Valentine’s Day. The day when you let someone else’s voice declare your interest, love, crush, warm gooey filling for some other person. A day when you competed not only to be the most desirable, but to offer the best candy, card, or other arrangement.
Valentine’s Day. I think it is Latin for stress.
Now it is different…but still stressful for me. My wife and I play it smart – we don’t “celebrate” it, We might take full advantage of the sale on candy the day after, but we don’t buy cards, flowers, or go out to dinner the day of. We don’t stress about the right gift or card.
This stress is different.
My daughter is now in school. One day she may be the one that some classmate is stressing over, or maybe, one day, she may be anguishing over the dilemma of how to present the cheap cards, that I allow her to buy, to her perceived hierarchy in class.

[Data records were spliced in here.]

lemma summable_large_shell_masses:
  fixes p C :: real and d :: nat
  assumes p: "p > d"
  shows "summable (\<lambda>n. C * ((2::real)^n) powr (-p) * (2^(n+1))^d)"
proof -
  have eq: "C * ((2::real)^n) powr (-p) * (2^(n+1))^d = C * 2^d * ((2::real) powr (d - p))^n" for n
  proof -
    have "((2::real)^n) powr (-p) = 2 powr (real n * (-p))"
      by (simp add: powr_realpow[symmetric] powr_powr)
    moreover have "((2::real)^n)^d = 2 powr (real n * real d)"
      by (simp add: powr_realpow[symmetric] powr_powr power_mult[symmetric] mult.commute)
    moreover have "((2::real) powr (d - p))^n = 2 powr ((d - p) * real n)"
      by (simp add: powr_realpow[symmetric] powr_powr)
    ultimately have "((2::real)^n) powr (-p) * (2^n)^d = ((2::real) powr (d - p))^n"
      by (simp add: powr_add[symmetric] algebra_simps)
    then show ?thesis by (simp add: algebra_simps power_mult_distrib)
  qed
  have "(2::real) powr (d - p) < 1" using p by (intro powr_less_one) auto
  then show ?thesis unfolding eq by (intro summable_mult summable_geometric) auto
qed

lemma cball_sets_borel[measurable]: "cball (x::'a::euclidean_space) r \<in> sets borel"
  by (simp add: borel_closed)

lemma nn_integral_ball_series:
  fixes x :: "'a::euclidean_space"
  assumes c: "\<And>n. c n \<ge> 0" and \<rho>: "\<And>n. \<rho> n \<ge> 0"
  shows "(\<integral>\<^sup>+y. (\<Sum>n. ennreal (c n) * indicator (cball x (\<rho> n)) y) \<partial>lborel)
       = (\<Sum>n. ennreal (c n * (unit_ball_vol DIM('a) * \<rho> n ^ DIM('a))))"
proof -
  have "(\<integral>\<^sup>+y. (\<Sum>n. ennreal (c n) * indicator (cball x (\<rho> n)) y) \<partial>lborel)
     = (\<Sum>n. \<integral>\<^sup>+y. ennreal (c n) * indicator (cball x (\<rho> n)) y \<partial>lborel)"
    by (rule nn_integral_suminf) measurable
  also have "\<dots> = (\<Sum>n. ennreal (c n * (unit_ball_vol DIM('a) * \<rho> n ^ DIM('a))))"
    by (rule suminf_cong) (simp add: nn_integral_cmult_indicator emeasure_cball ennreal_mult' c \<rho>)
  finally show ?thesis .
qed

lemma ennreal_term_le_suminf: "F n \<le> (\<Sum>n. F n :: ennreal)"
  using sum_le_suminf[of F "{n}"] by simp

lemma frac_kernel_dyadic_majorant:
  fixes f :: "'a::euclidean_space \<Rightarrow> real"
  assumes M: "\<And>x. \<bar>f x\<bar> \<le> M" and Lip: "\<And>x y. \<bar>f x - f y\<bar> \<le> L * norm (x - y)" and p: "p \<ge> 0"
  shows "ennreal ((f y - f x)\<^sup>2 / norm (y - x) powr p)
     \<le> (\<Sum>n. ennreal (L\<^sup>2 * (1 + ((1/2::real)^(n+1)) powr (2 - p))) * indicator (cball x ((1/2)^n)) y)
       + (\<Sum>n. ennreal (4*M\<^sup>2 * ((2::real)^n) powr (-p)) * indicator (cball x (2^(n+1))) y)"
    (is "_ \<le> ?S1 + ?S2")
proof -
  define r where "r = norm (y - x)"
  have dxy: "dist x y = r" unfolding r_def by (simp add: dist_norm norm_minus_commute)
  consider "r = 0" | "0 < r" "r \<le> 1" | "1 < r" unfolding r_def by fastforce
  then show ?thesis
  proof cases
    case 1 then show ?thesis unfolding r_def by simp
  next
    case 2
    then obtain n where n: "(1/2)^(n+1) < r" "r \<le> (1/2)^n" using dyadic_shell_small by blast
    have "(f y - f x)\<^sup>2 / r powr p \<le> L\<^sup>2 * (1 + ((1/2::real)^(n+1)) powr (2 - p))"
      using frac_kernel_small_shell[OF _ n] Lip[of y x] by (simp add: r_def)
    then have "ennreal ((f y - f x)\<^sup>2 / norm (y - x) powr p)
        \<le> ennreal (L\<^sup>2 * (1 + ((1/2::real)^(n+1)) powr (2 - p))) * indicator (cball x ((1/2)^n)) y"
      using n dxy by (simp add: r_def[symmetric] ennreal_leI)
    also have "\<dots> \<le> ?S1" by (rule ennreal_term_le_suminf)
    finally show ?thesis by (simp add: add_increasing2)
  next
    case 3
    then obtain n where n: "2^n \<le> r" "r < (2::real)^(n+1)" using dyadic_shell_large by blast
    have "\<bar>f y - f x\<bar> \<le> 2 * M" using M[of x] M[of y] by linarith
    then have "(f y - f x)\<^sup>2 / r powr p \<le> 4*M\<^sup>2 * ((2::real)^n) powr (-p)"
      using frac_kernel_large_shell[of "f y - f x" M n r p] n(1) p by simp
    then have "ennreal ((f y - f x)\<^sup>2 / norm (y - x) powr p)
        \<le> ennreal (4*M\<^sup>2 * ((2::real)^n) powr (-p)) * indicator (cball x (2^(n+1))) y"
      using n dxy by (simp add: r_def[symmetric] ennreal_leI)
    also have "\<dots> \<le> ?S2" by (rule ennreal_term_le_suminf)
    finally show ?thesis by (simp add: add_increasing)
  qed
qed

text \<open>For a bounded Lipschitz function and \<open>0 < \<alpha> < 2\<close>, the fractional kernel integral
  \<open>\<Gamma>(f)(x) = \<integral> (f y - f x)\<^sup>2 / |y - x|^(d+\<alpha>) dy\<close> is bounded uniformly in \<open>x\<close>: integrate the
  dyadic majorant, whose ball masses form two convergent geometric-type series.\<close>
lemma frac_kernel_integral_bounded:
  fixes f :: "'a::euclidean_space \<Rightarrow> real"
  assumes M: "\<And>x. \<bar>f x\<bar> \<le> M" and Lip: "\<And>x y. \<bar>f x - f y\<bar> \<le> L * norm (x - y)"
    and \<alpha>: "0 < \<alpha>" "\<alpha> < 2"
  shows "\<exists>K. \<forall>x. (\<integral>\<^sup>+y. ennreal ((f y - f x)\<^sup>2 / norm (y - x) powr (real DIM('a) + \<alpha>)) \<partial>lborel) \<le> ennreal K"
proof -
  define d where "d = DIM('a)"
  define p where "p = real d + \<alpha>"
  define w where "w = unit_ball_vol (real d)"
  define c where "c n = L\<^sup>2 * (1 + ((1/2::real)^(n+1)) powr (2 - p))" for n :: nat
  define e where "e n = 4*M\<^sup>2 * ((2::real)^n) powr (-p)" for n :: nat
  have c0: "c n \<ge> 0" and e0: "e n \<ge> 0" for n unfolding c_def e_def by simp_all
  define a where "a n = c n * (w * ((1/2::real)^n)^d)" for n :: nat
  define b where "b n = e n * (w * ((2::real)^(n+1))^d)" for n :: nat
  have a0: "a n \<ge> 0" and b0: "b n \<ge> 0" for n
    unfolding a_def b_def w_def using c0 e0 by simp_all
  have sa: "summable a"
    using summable_small_shell_masses[of d "2 - p" "L\<^sup>2 * w"] \<alpha>
    unfolding a_def c_def d_def p_def by (simp add: DIM_positive Suc_le_eq mult_ac)
  have sb: "summable b"
    using summable_large_shell_masses[of d p "4*M\<^sup>2 * w"] \<alpha>
    unfolding b_def e_def p_def by (simp add: mult_ac)
  have "(\<integral>\<^sup>+y. ennreal ((f y - f x)\<^sup>2 / norm (y - x) powr p) \<partial>lborel) \<le> ennreal (suminf a + suminf b)" for x
  proof -
    define S1 where "S1 y = (\<Sum>n. ennreal (c n) * indicator (cball x ((1/2)^n)) y)" for y
    define S2 where "S2 y = (\<Sum>n. ennreal (e n) * indicator (cball x (2^(n+1))) y)" for y
    have "(\<integral>\<^sup>+y. ennreal ((f y - f x)\<^sup>2 / norm (y - x) powr p) \<partial>lborel) \<le> (\<integral>\<^sup>+y. S1 y + S2 y \<partial>lborel)"
      unfolding S1_def S2_def c_def e_def using \<alpha>
      by (intro nn_integral_mono frac_kernel_dyadic_majorant[OF M Lip]) (simp add: p_def)
    also have "\<dots> = (\<integral>\<^sup>+y. S1 y \<partial>lborel) + (\<integral>\<^sup>+y. S2 y \<partial>lborel)"
      unfolding S1_def S2_def by (rule nn_integral_add) measurable
    also have "\<dots> = (\<Sum>n. ennreal (a n)) + (\<Sum>n. ennreal (b n))"
      unfolding S1_def S2_def a_def b_def w_def d_def
      by (simp add: nn_integral_ball_series c0 e0 mult_ac)
    also have "\<dots> = ennreal (suminf a + suminf b)"
      using a0 b0 sa sb by (simp add: suminf_ennreal2 suminf_nonneg ennreal_plus)
    finally show ?thesis .
  qed
  then show ?thesis unfolding p_def d_def by blast
qed

definition frac_energy :: "real \<Rightarrow> ('a::euclidean_space \<Rightarrow> real) \<Rightarrow> 'a \<Rightarrow> real" where
  "frac_energy \<alpha> f x = (\<integral>y. (f y - f x)\<^sup>2 / norm (y - x) powr (real DIM('a) + \<alpha>) \<partial>lborel)"

lemma DaV_frac_energy: "DaV \<alpha> V f = (\<integral>x. frac_energy \<alpha> f x \<partial>muV V)"
  unfolding DaV_def frac_energy_def ..

lemma frac_energy_measurable[measurable]:
  fixes f :: "'a::euclidean_space \<Rightarrow> real"
  assumes [measurable]: "f \<in> borel_measurable borel"
  shows "frac_energy \<alpha> f \<in> borel_measurable borel"
proof -
  have [measurable]: "(\<lambda>(x, y). (f y - f x)\<^sup>2 / norm (y - x) powr (real DIM('a) + \<alpha>))
      \<in> borel_measurable (borel \<Otimes>\<^sub>M lborel)" by measurable
  show ?thesis unfolding frac_energy_def by measurable
qed

lemma frac_energy_bounded:
  fixes f :: "'a::euclidean_space \<Rightarrow> real"
  assumes fm[measurable]: "f \<in> borel_measurable borel" and M: "\<And>x. \<bar>f x\<bar> \<le> M"
    and Lip: "\<And>x y. \<bar>f x - f y\<bar> \<le> L * norm (x - y)" and \<alpha>: "0 < \<alpha>" "\<alpha> < 2"
  shows "\<exists>K. \<forall>x. integrable lborel (\<lambda>y. (f y - f x)\<^sup>2 / norm (y - x) powr (real DIM('a) + \<alpha>))
              \<and> 0 \<le> frac_energy \<alpha> f x \<and> frac_energy \<alpha> f x \<le> K"
proof -
  define k where "k x y = (f y - f x)\<^sup>2 / norm (y - x) powr (real DIM('a) + \<alpha>)" for x y :: 'a
  obtain K where K: "\<And>x. (\<integral>\<^sup>+y. ennreal (k x y) \<partial>lborel) \<le> ennreal K"
    using frac_kernel_integral_bounded[OF M Lip \<alpha>] unfolding k_def by blast
  have k0: "k x y \<ge> 0" for x y unfolding k_def by simp
  have [measurable]: "k x \<in> borel_measurable lborel" for x unfolding k_def by measurable
  have kint: "integrable lborel (k x)" for x
  proof (rule integrableI_bounded)
    have "(\<integral>\<^sup>+y. ennreal (norm (k x y)) \<partial>lborel) \<le> ennreal K" using K[of x] k0 by simp
    also have "\<dots> < \<infinity>" by simp
    finally show "(\<integral>\<^sup>+y. ennreal (norm (k x y)) \<partial>lborel) < \<infinity>" .
  qed simp
  have "0 \<le> frac_energy \<alpha> f x \<and> frac_energy \<alpha> f x \<le> max K 0" for x
  proof -
    have E: "frac_energy \<alpha> f x = (\<integral>y. k x y \<partial>lborel)" unfolding frac_energy_def k_def ..
    have nonneg: "0 \<le> frac_energy \<alpha> f x" unfolding E by (rule integral_nonneg_AE) (simp add: k0)
    have "ennreal (frac_energy \<alpha> f x) = (\<integral>\<^sup>+y. ennreal (k x y) \<partial>lborel)"
      unfolding E by (rule nn_integral_eq_integral[symmetric]) (auto simp: kint k0)
    then have "ennreal (frac_energy \<alpha> f x) \<le> ennreal K" using K[of x] by simp
    then show ?thesis using nonneg by (auto simp: ennreal_le_iff2)
  qed
  then show ?thesis using kint unfolding k_def by blast
qed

I’m not ready for this. I am too young for this stress. I’m not ready to deal with suitors. I have been, however, practicing the scene from Bad Boys II ( I can’t post it here as some of the language is questionable, and we are trying to keep it G rated for our audience), but Valentine’s Day has me thinking about how I am actually going to react.
Not just for my daughter, but my son as well. Their first real crushes, dates, times when they get their hearts broken, times they are on cloud nine.
I guess I am getting ahead of myself. Maybe it is the flashbacks of the “Yes, No, or Maybe” boxes that I diligently wrote on the back of my Spiderman cards (you know you did that too). Maybe it is a fear of not being ready.
Or maybe it is a fear that my time with my kids is not long enough – that eventually some crush will take them away from me.
For now, I am going to enjoy the fact that the best part of the day seemed to be that my daughter was excited that she had extra valentines left over. They were pink dog tag looking things with “Will you be my friend” handwritten (my wife’s penmanship) on the back. No “love”, no “like”, no “crush”, no “Yes, No Maybe”.
I guess Valentine’s Day is really as good or bad as we make it. I should probably stop worrying and enjoy the candy that will be on clearance on Saturday.
Happy Valentine’s Day from the Balcony Dads.